Please note the function returns gradient for each parameter separately. For each parameter, we first evalueate the cost function with slightly increased parameter value and then with slightly decreased parameter value. We than calculate difference between these two function values and divide it by doubled epsilon value (the total change in the parameter value).

We can now proceed with the declaration of our variables:

In [4]:
w1 = 0.2
w2 = 0.7

x1 = 1.0
x2 = 0.5
target = 20

print "Initial output: {}".format(function(x1, x2, w1, w2))

Initial output: 0.55


We are now ready to train our trivial model:

In [5]:
for update in range(NUM_UPDATES):
    grad_w1, grad_w2 = cost_function_gradient(x1, x2, w1, w2, target)
    w1 -= LEARNING_RATE * grad_w1
    w2 -= LEARNING_RATE * grad_w2
    print "Output after update {} is {}".format(update + 1, function(x1, x2, w1, w2))
print "Final weights values: w1: {} w2: {}".format(w1, w2)

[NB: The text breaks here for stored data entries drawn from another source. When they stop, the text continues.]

text \<open>A positive semidefinite form vanishes only on the kernel: otherwise moving from \<open>x\<close>
  a little against \<open>N x\<close> would make it negative.\<close>

lemma pos_semidef_quad_form_eq_0D:
  assumes sym: "sym_mat n N" and psd: "pos_semidef n N" and x: "quad_form N n x = 0"
    and i: "i < n"
  shows "mat_apply N n x i = 0"
proof -
  define w where "w = mat_apply N n x"
  define W where "W = sum_sq n w"
  define q where "q = quad_form N n w"
  have expand: "quad_form N n (\<lambda>i. x i + t * w i) = 2 * t * W + t\<^sup>2 * q" for t
    using quad_form_add_smult[OF sym, of x t w] x
    unfolding W_def q_def w_def sum_sq_def by (simp add: power2_eq_square)
  have "W = 0"
  proof (rule ccontr)
    assume "W \<noteq> 0"
    then have "W > 0" using sum_sq_nonneg unfolding W_def by (metis order_le_less)
    have "q \<ge> 0" using psd unfolding pos_semidef_def q_def by simp
    define t where "t = - W / (q + 1)"
    have "t * (q + 1) = - W" using \<open>q \<ge> 0\<close> unfolding t_def by simp
    then have tq: "t * q = - W - t" by (simp add: algebra_simps)
    have t: "t < 0" unfolding t_def using \<open>W > 0\<close> \<open>q \<ge> 0\<close> by (simp add: divide_neg_pos)
    have "2 * t * W + t\<^sup>2 * q = t * (2 * W + t * q)"
      by (simp add: power2_eq_square algebra_simps)
    also have "\<dots> = t * (W - t)" using tq by simp
    also have "\<dots> < 0" using t \<open>W > 0\<close> by (intro mult_neg_pos) auto
    finally have "2 * t * W + t\<^sup>2 * q < 0" .
    then show False using psd expand unfolding pos_semidef_def by (metis not_le)
  qed
  then show ?thesis using i sum_sq_eq_0_iff unfolding W_def w_def by blast
qed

Output after update 1 is 5.4125000062
Output after update 2 is 9.05937500445
Output after update 3 is 11.7945312539
Output after update 4 is 13.8458984395
Output after update 5 is 15.3844238289
Output after update 6 is 16.5383178712
Output after update 7 is 17.403738403
Output after update 8 is 18.052803802
Output after update 9 is 18.5396028513
Output after update 10 is 18.9047021383
Output after update 11 is 19.1785266037
Output after update 12 is 19.3838949522
Output after update 13 is 19.5379212138
Output after update 14 is 19.65344091
Output after update 15 is 19.7400806825
Output after update 16 is 19.8050605119
Output after update 17 is 19.8537953839
Output after update 18 is 19.8903465379
Output after update 19 is 19.9177599034
Output after update 20 is 19.9383199275
Final weights values: w1: 15.710655941 w2: 8.45532797306


As we can see we gradually got closer and closer to our expected value (the target). After 20 updates we are at 19.94 which is already quite close to expected value of 20.0.